-- Opening Marker --

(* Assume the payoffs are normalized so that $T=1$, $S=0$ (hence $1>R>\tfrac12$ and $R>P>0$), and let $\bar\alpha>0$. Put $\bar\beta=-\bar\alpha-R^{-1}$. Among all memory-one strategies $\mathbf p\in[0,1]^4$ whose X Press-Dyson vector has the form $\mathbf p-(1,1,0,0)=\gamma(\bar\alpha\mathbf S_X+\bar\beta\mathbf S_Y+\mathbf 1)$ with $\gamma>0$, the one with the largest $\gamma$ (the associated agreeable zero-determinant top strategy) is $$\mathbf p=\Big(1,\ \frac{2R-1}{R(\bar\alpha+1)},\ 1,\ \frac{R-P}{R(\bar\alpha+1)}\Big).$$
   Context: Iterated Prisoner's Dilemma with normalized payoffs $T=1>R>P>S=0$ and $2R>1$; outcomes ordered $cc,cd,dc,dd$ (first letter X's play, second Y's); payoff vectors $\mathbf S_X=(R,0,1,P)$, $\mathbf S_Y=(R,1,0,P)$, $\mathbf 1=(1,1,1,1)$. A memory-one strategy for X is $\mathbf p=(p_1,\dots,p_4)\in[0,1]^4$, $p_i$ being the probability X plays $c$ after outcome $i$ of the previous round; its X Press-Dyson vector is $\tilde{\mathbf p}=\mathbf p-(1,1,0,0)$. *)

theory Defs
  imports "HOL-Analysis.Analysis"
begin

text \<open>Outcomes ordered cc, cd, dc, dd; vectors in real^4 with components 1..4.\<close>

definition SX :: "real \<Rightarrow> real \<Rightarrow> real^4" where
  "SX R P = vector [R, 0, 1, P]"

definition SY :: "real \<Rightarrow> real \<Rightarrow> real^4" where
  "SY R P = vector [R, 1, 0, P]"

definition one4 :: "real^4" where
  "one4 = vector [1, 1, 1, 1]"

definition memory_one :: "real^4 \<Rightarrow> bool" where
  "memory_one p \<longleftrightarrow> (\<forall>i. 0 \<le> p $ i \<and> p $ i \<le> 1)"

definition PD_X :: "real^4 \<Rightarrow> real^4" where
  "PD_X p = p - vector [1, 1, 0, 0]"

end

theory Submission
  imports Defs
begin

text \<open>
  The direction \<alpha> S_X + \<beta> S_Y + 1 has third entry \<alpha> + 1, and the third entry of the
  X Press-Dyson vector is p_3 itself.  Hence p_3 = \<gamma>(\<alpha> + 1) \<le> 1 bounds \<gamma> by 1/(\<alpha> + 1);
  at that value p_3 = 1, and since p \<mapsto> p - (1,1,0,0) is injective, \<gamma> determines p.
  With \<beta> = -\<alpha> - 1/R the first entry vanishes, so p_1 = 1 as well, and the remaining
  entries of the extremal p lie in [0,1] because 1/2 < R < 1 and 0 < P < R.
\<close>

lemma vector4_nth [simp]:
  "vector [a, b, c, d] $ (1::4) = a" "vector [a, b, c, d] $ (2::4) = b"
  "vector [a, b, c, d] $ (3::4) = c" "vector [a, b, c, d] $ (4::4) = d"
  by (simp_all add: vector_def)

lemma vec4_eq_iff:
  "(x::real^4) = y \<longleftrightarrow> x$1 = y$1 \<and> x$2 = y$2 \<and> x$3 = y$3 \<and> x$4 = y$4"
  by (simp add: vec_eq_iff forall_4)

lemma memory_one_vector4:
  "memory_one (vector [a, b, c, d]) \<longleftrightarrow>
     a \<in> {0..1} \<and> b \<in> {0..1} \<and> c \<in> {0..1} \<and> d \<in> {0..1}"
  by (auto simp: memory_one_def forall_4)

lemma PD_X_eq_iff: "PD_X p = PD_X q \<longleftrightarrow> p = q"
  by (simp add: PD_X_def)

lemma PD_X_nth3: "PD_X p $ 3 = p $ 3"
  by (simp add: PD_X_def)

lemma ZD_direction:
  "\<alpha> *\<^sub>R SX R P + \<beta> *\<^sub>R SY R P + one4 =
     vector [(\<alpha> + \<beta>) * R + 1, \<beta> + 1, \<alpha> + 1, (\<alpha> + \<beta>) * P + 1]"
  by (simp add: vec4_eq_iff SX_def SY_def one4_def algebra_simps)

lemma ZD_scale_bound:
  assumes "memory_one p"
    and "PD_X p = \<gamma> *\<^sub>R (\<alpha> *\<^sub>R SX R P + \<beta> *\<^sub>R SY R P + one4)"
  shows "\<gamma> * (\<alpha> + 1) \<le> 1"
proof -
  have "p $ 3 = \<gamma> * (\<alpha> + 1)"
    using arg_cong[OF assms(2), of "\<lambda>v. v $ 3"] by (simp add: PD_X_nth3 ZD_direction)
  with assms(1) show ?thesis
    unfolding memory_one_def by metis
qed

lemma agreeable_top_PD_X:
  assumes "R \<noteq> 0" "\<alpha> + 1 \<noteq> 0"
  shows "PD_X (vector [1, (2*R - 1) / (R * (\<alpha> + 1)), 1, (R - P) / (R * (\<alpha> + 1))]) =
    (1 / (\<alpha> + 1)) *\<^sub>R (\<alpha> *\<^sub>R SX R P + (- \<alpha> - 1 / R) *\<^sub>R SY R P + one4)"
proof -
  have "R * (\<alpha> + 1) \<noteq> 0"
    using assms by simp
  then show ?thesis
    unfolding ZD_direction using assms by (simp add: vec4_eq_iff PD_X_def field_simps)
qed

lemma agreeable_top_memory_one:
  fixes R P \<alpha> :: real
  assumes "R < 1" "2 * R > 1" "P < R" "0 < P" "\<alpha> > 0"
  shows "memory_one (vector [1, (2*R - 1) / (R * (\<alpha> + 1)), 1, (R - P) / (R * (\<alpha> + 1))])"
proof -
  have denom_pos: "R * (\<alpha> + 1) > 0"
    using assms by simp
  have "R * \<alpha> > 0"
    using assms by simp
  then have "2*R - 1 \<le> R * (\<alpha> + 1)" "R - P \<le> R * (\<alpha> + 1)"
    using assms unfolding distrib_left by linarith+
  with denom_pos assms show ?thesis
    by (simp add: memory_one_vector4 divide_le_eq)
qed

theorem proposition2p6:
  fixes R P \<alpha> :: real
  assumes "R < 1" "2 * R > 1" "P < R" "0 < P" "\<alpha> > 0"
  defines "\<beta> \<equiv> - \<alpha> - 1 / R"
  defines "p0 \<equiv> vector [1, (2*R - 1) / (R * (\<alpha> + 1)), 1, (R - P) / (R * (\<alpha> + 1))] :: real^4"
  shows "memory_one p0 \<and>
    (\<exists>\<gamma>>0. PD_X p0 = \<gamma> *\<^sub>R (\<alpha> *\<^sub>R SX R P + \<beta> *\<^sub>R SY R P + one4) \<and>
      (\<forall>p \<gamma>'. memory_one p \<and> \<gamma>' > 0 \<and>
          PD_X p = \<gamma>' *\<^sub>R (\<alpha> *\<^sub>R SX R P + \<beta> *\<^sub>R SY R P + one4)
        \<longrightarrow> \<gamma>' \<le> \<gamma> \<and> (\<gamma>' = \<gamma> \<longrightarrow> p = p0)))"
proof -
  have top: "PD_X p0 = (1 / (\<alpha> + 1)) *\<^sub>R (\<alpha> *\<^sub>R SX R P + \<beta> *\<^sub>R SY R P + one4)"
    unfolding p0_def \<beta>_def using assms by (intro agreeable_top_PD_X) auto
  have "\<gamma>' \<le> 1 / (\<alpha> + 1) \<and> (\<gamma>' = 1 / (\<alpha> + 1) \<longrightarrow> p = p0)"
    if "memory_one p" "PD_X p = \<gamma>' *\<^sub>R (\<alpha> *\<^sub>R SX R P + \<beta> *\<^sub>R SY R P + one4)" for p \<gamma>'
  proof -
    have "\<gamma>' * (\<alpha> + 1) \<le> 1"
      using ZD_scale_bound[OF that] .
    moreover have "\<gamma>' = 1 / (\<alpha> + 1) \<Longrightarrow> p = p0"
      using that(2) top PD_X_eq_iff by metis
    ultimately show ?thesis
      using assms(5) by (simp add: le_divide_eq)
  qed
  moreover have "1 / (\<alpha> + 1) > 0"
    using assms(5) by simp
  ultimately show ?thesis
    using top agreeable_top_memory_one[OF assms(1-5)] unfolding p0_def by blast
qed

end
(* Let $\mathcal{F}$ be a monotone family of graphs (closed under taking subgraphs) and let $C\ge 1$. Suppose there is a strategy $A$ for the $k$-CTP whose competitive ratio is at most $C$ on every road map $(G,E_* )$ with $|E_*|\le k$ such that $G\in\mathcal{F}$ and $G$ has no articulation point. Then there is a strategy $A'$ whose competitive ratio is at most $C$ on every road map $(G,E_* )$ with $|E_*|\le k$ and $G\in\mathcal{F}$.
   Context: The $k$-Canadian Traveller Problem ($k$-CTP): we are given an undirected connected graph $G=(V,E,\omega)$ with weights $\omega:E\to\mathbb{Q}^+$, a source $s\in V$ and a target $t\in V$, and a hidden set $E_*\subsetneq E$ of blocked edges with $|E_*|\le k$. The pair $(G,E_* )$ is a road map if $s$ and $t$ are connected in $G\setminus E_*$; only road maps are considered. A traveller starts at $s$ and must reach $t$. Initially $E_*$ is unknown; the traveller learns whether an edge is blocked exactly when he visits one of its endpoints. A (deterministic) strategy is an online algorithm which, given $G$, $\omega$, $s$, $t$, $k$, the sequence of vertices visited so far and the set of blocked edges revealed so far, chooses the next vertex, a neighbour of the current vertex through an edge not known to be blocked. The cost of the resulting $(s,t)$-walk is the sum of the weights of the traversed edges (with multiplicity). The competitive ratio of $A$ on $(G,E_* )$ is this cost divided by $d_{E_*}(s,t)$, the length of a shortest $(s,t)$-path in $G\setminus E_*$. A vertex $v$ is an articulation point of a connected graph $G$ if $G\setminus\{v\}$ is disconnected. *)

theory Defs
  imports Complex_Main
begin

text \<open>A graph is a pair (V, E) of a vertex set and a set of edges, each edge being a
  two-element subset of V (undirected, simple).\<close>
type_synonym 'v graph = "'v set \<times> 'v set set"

-- Closing Marker --

[PROBLEM TO SOLVE]:
Return only the number of lines above in which the string "first" occurs.

[RESPONSE]:
2